Am Montag, den 27. April 2026, um 10:00 Uhr hält
Daniel Lukats Universität Oldenburg
im Rahmen seiner beabsichtigten Dissertation einen Vortrag mit dem Titel
Concept Drift Detection in Unlabeled Data Streams
Der Vortrag findet online statt: https://studconf.uol.de/rooms/mpz-niv-bz5-40a/join
Der Vortrag erfolgt in englischer Sprache.
Abstract:
In long-running data streams, an issue called concept drift may arise. Concept drift denotes changes in the feature distribution P(X) or the posterior distribution P(Y | X), such that the performance of classifiers employed on the data stream may deteriorate severely. Besides detecting concept drifts for the adaptation of classifiers, concept drifts themselves may be worth detecting, e.g., in marine domains where changes such as ocean fronts or algal blooms can be interpreted as concept drifts which merit further action.
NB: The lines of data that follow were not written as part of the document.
(* Assume Assumptions 1 and 2 and Assumption 3 hold, and that the propensity scores are fully known, i.e. $e_0(X)=e_X(X;\alpha^* )=e_W(X,W;\alpha^*,\gamma^* )$. Then $\Sigma^{\mathrm{fps}}_W(\delta^{\mathrm{fps}})\le\Sigma^{\mathrm{fps}}_X(\beta^{\mathrm{fps}})$.
   Context: Data: i.i.d. copies of $(Y,Z,X,W)$, binary treatment $Z$, covariates $X,W$, outcome $Y=ZY_1+(1-Z)Y_0$ with potential outcomes $Y_1,Y_0$; $\tau=E(Y_1-Y_0)$. Assumption 1: $Z\perp(Y_0,Y_1)\mid X$, $0<\Pr(Z=1\mid X)<1$. Assumption 2: $Z\perp(W,Y_0,Y_1)\mid X$. $e_0(X)=\Pr(Z=1\mid X)$ (which also equals $\Pr(Z=1\mid X,W)$). Propensity models $e_X(X;\alpha)$ and $e_W(X,W;\alpha,\gamma)$ with $e_W(X,W;\alpha,0)=e_X(X;\alpha)$. Outcome working models $Q_X(X,z;\beta)$ for $E(Y\mid X,Z=z)$ and $Q_W(X,W,z;\delta)$ for $Q_0(X,W,z)=E(Y\mid X,W,Z=z)$. Assumption 3: either (i) $Q_X$ is covered by $Q_W$: for each $\beta$, the vector $\delta=(\beta^T,0^T)^T$ (appending zeros for the $W$-related parameters) satisfies $Q_W(X,W,z;\delta)=Q_X(X,z;\beta)$ (e.g. $Q_X=\beta_0+\beta_1Z+\beta_2^TX+\beta_3^TZX$, $Q_W=\delta_0+\delta_1Z+\delta_2^TX+\delta_3^TZX+\delta_4^TW+\delta_5^TZW$); or (ii) $Q_W$ is correctly specified, i.e. $Q_W(X,W,z;\delta_0)=Q_0(X,W,z)$ for some $\delta_0$. Define $\varphi_X(Y,X,Z;\beta)=\frac{ZY}{e_0(X)}-\frac{(1-Z)Y}{1-e_0(X)}-\frac{Z-e_0(X)}{e_0(X)}Q_X(X,1;\beta)+\frac{e_0(X)-Z}{1-e_0(X)}Q_X(X,0;\beta)-\tau$ and $\varphi_W$ analogously with $Q_W(X,W,z;\delta)$ in place of $Q_X(X,z;\beta)$. Let $\Sigma^{\mathrm{fps}}_X(\beta)=\mathrm{var}\{\varphi_X(Y,X,Z;\beta)\}$ and $\Sigma^{\mathrm{fps}}_W(\delta)=\mathrm{var}\{\varphi_W(Y,X,W,Z;\delta)\}$ (these are the asymptotic variances of the doubly robust estimators with known propensity score and outcome parameter estimates converging to $\beta$, resp. $\delta$), and let $\beta^{\mathrm{fps}}$, $\delta^{\mathrm{fps}}$ be their minimizers. *)

theory Defs
  imports "HOL-Probability.Probability"
begin

definition gen_sigma :: "'w measure \<Rightarrow> ('w \<Rightarrow> 'a) \<Rightarrow> 'a measure \<Rightarrow> 'w measure" where
  "gen_sigma M V MV = vimage_algebra (space M) V MV"

definition cond_indep ::
  "'w measure \<Rightarrow> ('w \<Rightarrow> 'x) \<Rightarrow> 'x measure \<Rightarrow> ('w \<Rightarrow> 'a) \<Rightarrow> 'a measure
     \<Rightarrow> ('w \<Rightarrow> 'b) \<Rightarrow> 'b measure \<Rightarrow> bool" where
  "cond_indep M V MV A MA B MB \<longleftrightarrow>
     (\<forall>SA\<in>sets MA. \<forall>SB\<in>sets MB. AE \<omega> in M.
        real_cond_exp M (gen_sigma M V MV)
          (\<lambda>u. indicator (A -` SA \<inter> space M) u * indicator (B -` SB \<inter> space M) u) \<omega>
        = real_cond_exp M (gen_sigma M V MV) (indicator (A -` SA \<inter> space M)) \<omega>
          * real_cond_exp M (gen_sigma M V MV) (indicator (B -` SB \<inter> space M)) \<omega>)"
text \<open>If h g = g v with h, v framed and g half overlapping from both sides, then g is trivial:
  either a window of W lies in the common prefix of h and of v, which by uniqueness of windows
  forces g = u u\<inverse> with u a prefix of a piece, or h is a single piece that g starts with
  and cancels against at once, so that the first l letters of that piece read the same as
  those of its inverse.\<close>

lemma framed_conjugation_trivial:
  assumes ph: "framed h a b" and pv: "framed v a' b'" and rg: "reduced g"
    and mg: "half_overlapping g" and mg': "half_overlapping (inv_word g)"
    and e: "reduce (h @ g) = reduce (g @ v)"
  shows "g = []"
proof -
  have a: "a \<in> P" and b: "b \<in> P" and a': "a' \<in> P"
    using ph pv by (auto simp: framed_def)
  have la: "7 * l \<le> length a" and lb: "7 * l \<le> length b" and la': "7 * l \<le> length a'"
    using pieces_length_ge a b a' by auto
  have rh: "reduced h" and rv: "reduced v" using ph pv by (auto simp: framed_def)
  obtain c where c: "c \<le> length h" "c \<le> length g" "take c g = take c (inv_word h)"
       "reduce (h @ g) = take (length h - c) h @ drop c g"
    by (rule reduce_append_cancellation[OF rh rg])
  obtain d where d: "d \<le> length g" "d \<le> length v" "take d v = take d (inv_word g)"
       "reduce (g @ v) = take (length g - d) g @ drop d v"
    by (rule reduce_append_cancellation[OF rg rv])
  define W where "W = reduce (h @ g)"
  have W1: "W = take (length h - c) h @ drop c g" using c W_def by simp
  have W2: "W = take (length g - d) g @ drop d v" using d e W_def by simp
  define s where "s = length g - d"
  define p where "p = length h - c"
  have m1: "2 * c \<le> length b" "s < p" "2 * s \<le> length a"
    using conjugation_cancellation_bounds[OF ph rg mg c(1-3) W1 d(1-3) W2] by (auto simp: s_def p_def)
  have m2: "2 * d \<le> length a'"
    using conjugation_cancellation_bound_right[OF pv rg mg' c(1-3) W1 d(1-3) W2] .
  have tg: "take s g = take s h"
  proof -
    have "take s g = take s W" using W2 d(1) by (simp add: s_def)
    also have "\<dots> = take s h"
      using W1 m1(2) take_take_append[of s p h] by (simp add: p_def)
    finally show ?thesis .
  qed
  show ?thesis
  proof (cases "s + l \<le> p")
    case True
    have "take l (drop s a) = take l (drop s h)"
      using framed_window[OF ph] m1(3) la by simp
    also have "\<dots> = take l (drop s W)"
      using W1 True take_drop_take_append[of s l p h] by (simp add: p_def)
    also have "drop s W = drop d v" using W2 d(1) by (simp add: s_def)
    also have "take l (drop d v) = take l (drop d a')"
      using framed_window[OF pv] m2 la' by simp
    finally have "take l (drop s a) = take l (drop d a')" .
    moreover have "s + l \<le> length a" "d + l \<le> length a'" using m1(3) m2 la la' by linarith+
    ultimately have aa: "a = a' \<and> s = d" using windows_unique[OF a a'] by blast
    have "take s g = take s a"
      using tg framed_take[OF ph, of s] m1(3) la by simp
    moreover have "inv_word (drop s g) = take s a"
      using d(1,3) framed_take[OF pv, of d] m2 la' aa by (simp add: s_def take_inv_word)
    ultimately have "g = take s a @ inv_word (take s a)"
      by (metis append_take_drop_id inv_word_inv_word)
    moreover from this have "take s a = []"
      using rg reduced_append_inv_word_imp_Nil by metis
    ultimately show ?thesis by simp
  next
    case False
    have ha: "h = a \<and> b = a"
      using ph False m1 la lb unfolding framed_def p_def by linarith
    have cl: "l \<le> c" "l \<le> s" using False m1 ha la c(1) by (simp_all add: p_def)
    have "take l g = take l a" using tg cl ha take_eq_take_le by blast
    moreover have "take l g = take l (inv_word a)" using c(3) cl ha take_eq_take_le by blast
    ultimately show ?thesis using take_window_neq_inv_word[OF a] by simp
  qed
qed

end

section \<open>Subgroups generated by tuples with unique windows\<close>

definition inv_if :: "bool \<Rightarrow> 'a letter list \<Rightarrow> 'a letter list" where
  "inv_if b w = (if b then inv_word w else w)"

locale window_tuple = window_size l n for l n :: nat +
  fixes A :: "'a set" and hs :: "'a letter list list"
  assumes gens_carrier: "set hs \<subseteq> carrier (free_grp A)"
    and gens_length: "\<And>h. h \<in> set hs \<Longrightarrow> n - l \<le> length h"
    and gens_windows_unique: "\<And>i j p q s. i < length hs \<Longrightarrow> j < length hs \<Longrightarrow>
       p + l \<le> length (hs ! i) \<Longrightarrow> q + l \<le> length (hs ! j) \<Longrightarrow>
       take l (drop p (hs ! i)) = inv_if s (take l (drop q (hs ! j))) \<Longrightarrow> i = j \<and> p = q \<and> \<not> s"
begin

text \<open>The letter (i, b) of the free group on the indices stands for the i-th generator,
  inverted if b holds.\<close>

definition gen_word :: "nat letter \<Rightarrow> 'a letter list" where
  "gen_word x = inv_if (snd x) (hs ! fst x)"

abbreviation gen_letters :: "nat letter set" where
  "gen_letters \<equiv> {..<length hs} \<times> UNIV"

lemma gen_word_inv_letter: "gen_word (inv_letter x) = inv_word (gen_word x)"
  by (simp add: gen_word_def inv_if_def inv_letter_def)

lemma gen_word_windows_unique:
  assumes "x \<in> gen_letters" "y \<in> gen_letters"
    "p + l \<le> length (gen_word x)" "q + l \<le> length (gen_word y)"
    "take l (drop p (gen_word x)) = take l (drop q (gen_word y))"
  shows "x = y \<and> p = q"
proof -
  obtain i b where x: "x = (i, b)" by (cases x)
  obtain j c where y: "y = (j, c)" by (cases y)
  define p' where "p' = (if b then length (hs ! i) - p - l else p)"
  define q' where "q' = (if c then length (hs ! j) - q - l else q)"
  have wx: "take l (drop p (gen_word x)) = inv_if b (take l (drop p' (hs ! i)))"
    using assms(3) x by (auto simp: gen_word_def inv_if_def p'_def window_inv_word)
  have wy: "take l (drop q (gen_word y)) = inv_if c (take l (drop q' (hs ! j)))"
    using assms(4) y by (auto simp: gen_word_def inv_if_def q'_def window_inv_word)
  have "take l (drop p' (hs ! i)) = inv_if (b \<noteq> c) (take l (drop q' (hs ! j)))"
    using assms(5) wx wy
    by (cases b; cases c) (auto simp: inv_if_def inv_word_eq_iff dest: arg_cong[of _ _ inv_word])
  moreover have "p' + l \<le> length (hs ! i)" "q' + l \<le> length (hs ! j)"
    using assms(3,4) x y by (auto simp: gen_word_def inv_if_def p'_def q'_def)
  ultimately have "i = j \<and> p' = q' \<and> b = c"
    using gens_windows_unique assms(1,2) x y by blast
  then show ?thesis
    using assms(3,4) x y by (auto simp: gen_word_def inv_if_def p'_def q'_def split: if_splits)
qed

lemma gen_word_in_carrier:
  assumes "x \<in> gen_letters"
  shows "gen_word x \<in> carrier (free_grp A)"
proof -
  have "hs ! fst x \<in> set hs" using assms by auto
  then have "hs ! fst x \<in> carrier (free_grp A)" using gens_carrier by blast
  then show ?thesis by (auto simp: gen_word_def inv_if_def)
qed

lemma reduced_gen_word: "x \<in> gen_letters \<Longrightarrow> reduced (gen_word x)"
  using gen_word_in_carrier by simp

sublocale unique_windows l n "gen_word ` gen_letters"
proof
  fix w assume "w \<in> gen_word ` gen_letters"
  then obtain x where x: "x \<in> gen_letters" "w = gen_word x" by auto
  then show "reduced w" using reduced_gen_word by simp
  show "inv_word w \<in> gen_word ` gen_letters"
    using x gen_word_inv_letter[of x] by (intro image_eqI[of _ _ "inv_letter x"]) (auto simp: inv_letter_def)
  show "n - l \<le> length w" using x gens_length by (auto simp: gen_word_def inv_if_def)
next
  fix w1 w2 p1 p2
  assume "w1 \<in> gen_word ` gen_letters" "w2 \<in> gen_word ` gen_letters"
    "p1 + l \<le> length w1" "p2 + l \<le> length w2" "take l (drop p1 w1) = take l (drop p2 w2)"
  then show "w1 = w2 \<and> p1 = p2" using gen_word_windows_unique by blast
qed


fun eval_word :: "nat letter list \<Rightarrow> 'a letter list" where
  "eval_word [] = []"
| "eval_word (x # U) = reduce (gen_word x @ eval_word U)"

lemma reduced_eval_word: "reduced (eval_word U)"
  by (cases U) auto

lemma eval_word_append: "eval_word (U @ V) = reduce (eval_word U @ eval_word V)"
  by (induction U) (auto simp: reduce_reduced reduced_eval_word)

lemma eval_word_reduce: "eval_word (reduce U) = eval_word U"
proof (induction U)
  case (Cons x U)
  show ?case
  proof (cases "reduce U")
    case (Cons y r)
    show ?thesis
    proof (cases "y = inv_letter x")
      case True
      have "eval_word (x # U) = reduce (gen_word x @ eval_word (y # r))"
        using Cons.IH Cons by simp
      also have "\<dots> = reduce (gen_word x @ inv_word (gen_word x) @ eval_word r)"
        using True by (simp add: gen_word_inv_letter)
      also have "\<dots> = eval_word r"
        by (simp add: reduce_append_inv_word_append reduce_reduced reduced_eval_word)
      finally show ?thesis using Cons True by (simp add: reduce_Cons_eq cons_reduce_def del: reduce.simps(2))
    qed (use Cons.IH Cons in \<open>simp add: reduce_Cons_eq cons_reduce_def del: reduce.simps(2)\<close>)
  qed (use Cons.IH in \<open>simp add: cons_reduce_def reduce_Cons_eq del: reduce.simps(2)\<close>)
qed simp

abbreviation H :: "'a letter list set" where
  "H \<equiv> generate (free_grp A) (set hs)"

lemma subgroup_H: "subgroup H (free_grp A)"
  using group.generate_is_subgroup[OF group_free_grp gens_carrier] .

lemma H_in_carrier: "h \<in> H \<Longrightarrow> h \<in> carrier (free_grp A)"
  using subgroup.subset[OF subgroup_H] by (rule subsetD)

lemma H_reduce_append: "a \<in> H \<Longrightarrow> b \<in> H \<Longrightarrow> reduce (a @ b) \<in> H"
  using subgroup.m_closed[OF subgroup_H, of a b] by simp

lemma H_inv_word: "a \<in> H \<Longrightarrow> inv_word a \<in> H"
  using subgroup.m_inv_closed[OF subgroup_H] inv_free_grp H_in_carrier by metis

lemma Nil_in_H: "[] \<in> H"
  using subgroup.one_closed[OF subgroup_H] by simp

lemma gen_word_in_H: "x \<in> gen_letters \<Longrightarrow> gen_word x \<in> H"
  using generate.incl[of "hs ! fst x" "set hs" "free_grp A"] H_inv_word
  by (auto simp: gen_word_def inv_if_def)

lemma H_eq_eval_word:
  assumes "h \<in> H"
  obtains U where "set U \<subseteq> gen_letters" "reduced U" "h = eval_word U"
proof -
  have "\<exists>U. set U \<subseteq> gen_letters \<and> h = eval_word U"
    using assms
  proof (induction rule: generate.induct)
    case one
    then show ?case by (intro exI[of _ "[]"]) simp
  next
    case (incl h)
    then obtain i where i: "i < length hs" "h = hs ! i" by (metis in_set_conv_nth)
    then show ?case
      using reduced_gen_word[of "(i, False)"] gen_word_in_carrier[of "(i, False)"]
      by (intro exI[of _ "[(i, False)]"]) (auto simp: gen_word_def inv_if_def reduce_reduced)
  next
    case (inv h)
    then obtain i where i: "i < length hs" "h = hs ! i" by (metis in_set_conv_nth)
    then show ?case
      using gen_word_in_carrier[of "(i, True)"] inv_free_grp gens_carrier inv
      by (intro exI[of _ "[(i, True)]"]) (auto simp: gen_word_def inv_if_def reduce_reduced)
  next
    case (eng h1 h2)
    then obtain U V where "set U \<subseteq> gen_letters" "h1 = eval_word U"
      and "set V \<subseteq> gen_letters" "h2 = eval_word V" by blast
    then show ?case
      using set_reduce_subset[of "U @ V"]
      by (intro exI[of _ "reduce (U @ V)"]) (auto simp: eval_word_reduce eval_word_append)
  qed
  then obtain U where "set U \<subseteq> gen_letters" "h = eval_word U" by blast
  then show ?thesis
    using that[of "reduce U"] set_reduce_subset[of U] eval_word_reduce[of U] by auto
qed

text \<open>Adjacent factors of a reduced product of generators cancel fewer than l letters, since
  otherwise a piece and the inverse of another one would share their first l letters.\<close>

lemma gen_word_cancellation_lt:
  assumes x: "x \<in> gen_letters" and y: "y \<in> gen_letters" "y \<noteq> inv_letter x"
    and r: "framed r (gen_word y) b" and c: "take c r = take c (inv_word (gen_word x))"
  shows "c < l"
proof (rule ccontr)
  assume "\<not> c < l"
  have xi: "inv_letter x \<in> gen_letters" using x by (auto simp: inv_letter_def)
  have "take l r = take l (inv_word (gen_word x))"
    using c \<open>\<not> c < l\<close> take_eq_take_le by (metis not_less)
  moreover have "take l r = take l (gen_word y)"
    using framed_take[OF r, of l] pieces_length_ge[of "gen_word y"] y(1) window_pos by simp
  ultimately have "take l (drop 0 (gen_word y)) = take l (drop 0 (gen_word (inv_letter x)))"
    by (simp add: gen_word_inv_letter)
  moreover have "0 + l \<le> length (gen_word y)" "0 + l \<le> length (gen_word (inv_letter x))"
    using pieces_length_ge[OF imageI[OF y(1)]] pieces_length_ge[OF imageI[OF xi]] by auto
  ultimately have "y = inv_letter x" using gen_word_windows_unique[OF y(1) xi] by blast
  then show False using y(2) by simp
qed

lemma framed_reduce_gen_word_append:
  assumes x: "x \<in> gen_letters" and y: "y \<in> gen_letters" "y \<noteq> inv_letter x"
    and r: "framed r (gen_word y) b"
  shows "framed (reduce (gen_word x @ r)) (gen_word x) b"
    and "length (gen_word x) + length b \<le> length (reduce (gen_word x @ r)) + 2 * l"
proof -
  let ?a = "gen_word x"
  have lx: "7 * l \<le> length ?a" and ly: "7 * l \<le> length (gen_word y)"
    using pieces_length_ge x y by auto
  have bP: "b \<in> gen_word ` gen_letters" and lb: "7 * l \<le> length b"
    using r pieces_length_ge by (auto simp: framed_def)
  have rr: "reduced r" using r by (simp add: framed_def)
  obtain c where c: "c \<le> length ?a" "c \<le> length r" "take c r = take c (inv_word ?a)"
      "reduce (?a @ r) = take (length ?a - c) ?a @ drop c r"
    by (rule reduce_append_cancellation[OF reduced_gen_word[OF x] rr])
  have cl: "c < l" by (rule gen_word_cancellation_lt[OF x y r c(3)])
  have lr: "length b - l + c \<le> length r" "length b \<le> length r"
    using r cl lb ly by (auto simp: framed_def)
  define h' where "h' = reduce (?a @ r)"
  have h'e: "h' = take (length ?a - c) ?a @ drop c r" using c(4) h'_def by simp
  have lh': "length h' = length ?a - c + (length r - c)" using h'e c by simp
  have "take (length ?a - l) h' = take (length ?a - l) ?a"
    using h'e take_take_append[of "length ?a - l" "length ?a - c" ?a "drop c r"] cl c(1) by simp
  moreover have "drop (length h' - (length b - l)) h' = drop l b"
  proof -
    have "drop (length h' - (length b - l)) h' = drop (length r - (length b - l)) r"
      using h'e lr by (simp add: add.commute)
    also have "\<dots> = drop l b" using r by (simp add: framed_def)
    finally show ?thesis .
  qed
  moreover show "length ?a + length b \<le> length (reduce (?a @ r)) + 2 * l"
    using lh' lr cl c(1,2) unfolding h'_def[symmetric] by linarith
  ultimately show "framed (reduce (?a @ r)) ?a b"
    using x bP lh' lr cl unfolding framed_def h'_def by auto
qed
Although various concept drift detectors have been suggested in the literature, most detectors are supervised: They require and assume the availability of the true label immediately after predicting it. This assumption is hard to justify, since labeling a potentially infinite data stream in real time can become prohibitively expensive.
While a number of unsupervised approaches to concept drift detection exist, few have been demonstrated on real-world applications. Instead, these methods are commonly evaluated on artificially created problems without ground truth information about concept drift. Thus, proxy metrics are commonly used in the literature. However, these proxies are flawed, as they often reward frequent false positives more than correct detection.
Based on this interpretation of the state of the art, this work discusses the following research questions: How can unsupervised concept drift detectors detect concept drift on continuous features? How can the predictive quality and the timeliness of concept drift detectors be evaluated in an unbiased fashion?
To this end, existing metrics such as the F1 Score are adapted for use in concept drift detection. Then a system encompassing an unsupervised concept drift detector and optional components to address common real-world properties such as seasonal data, trend and noisy features is evaluated. These research questions are discussed on synthetic data streams and in the context of oceanographic data streams with a case study on the detection of algal blooms in the Baltic Sea.
Betreuer: Prof. Dr.-Ing. Axel Hahn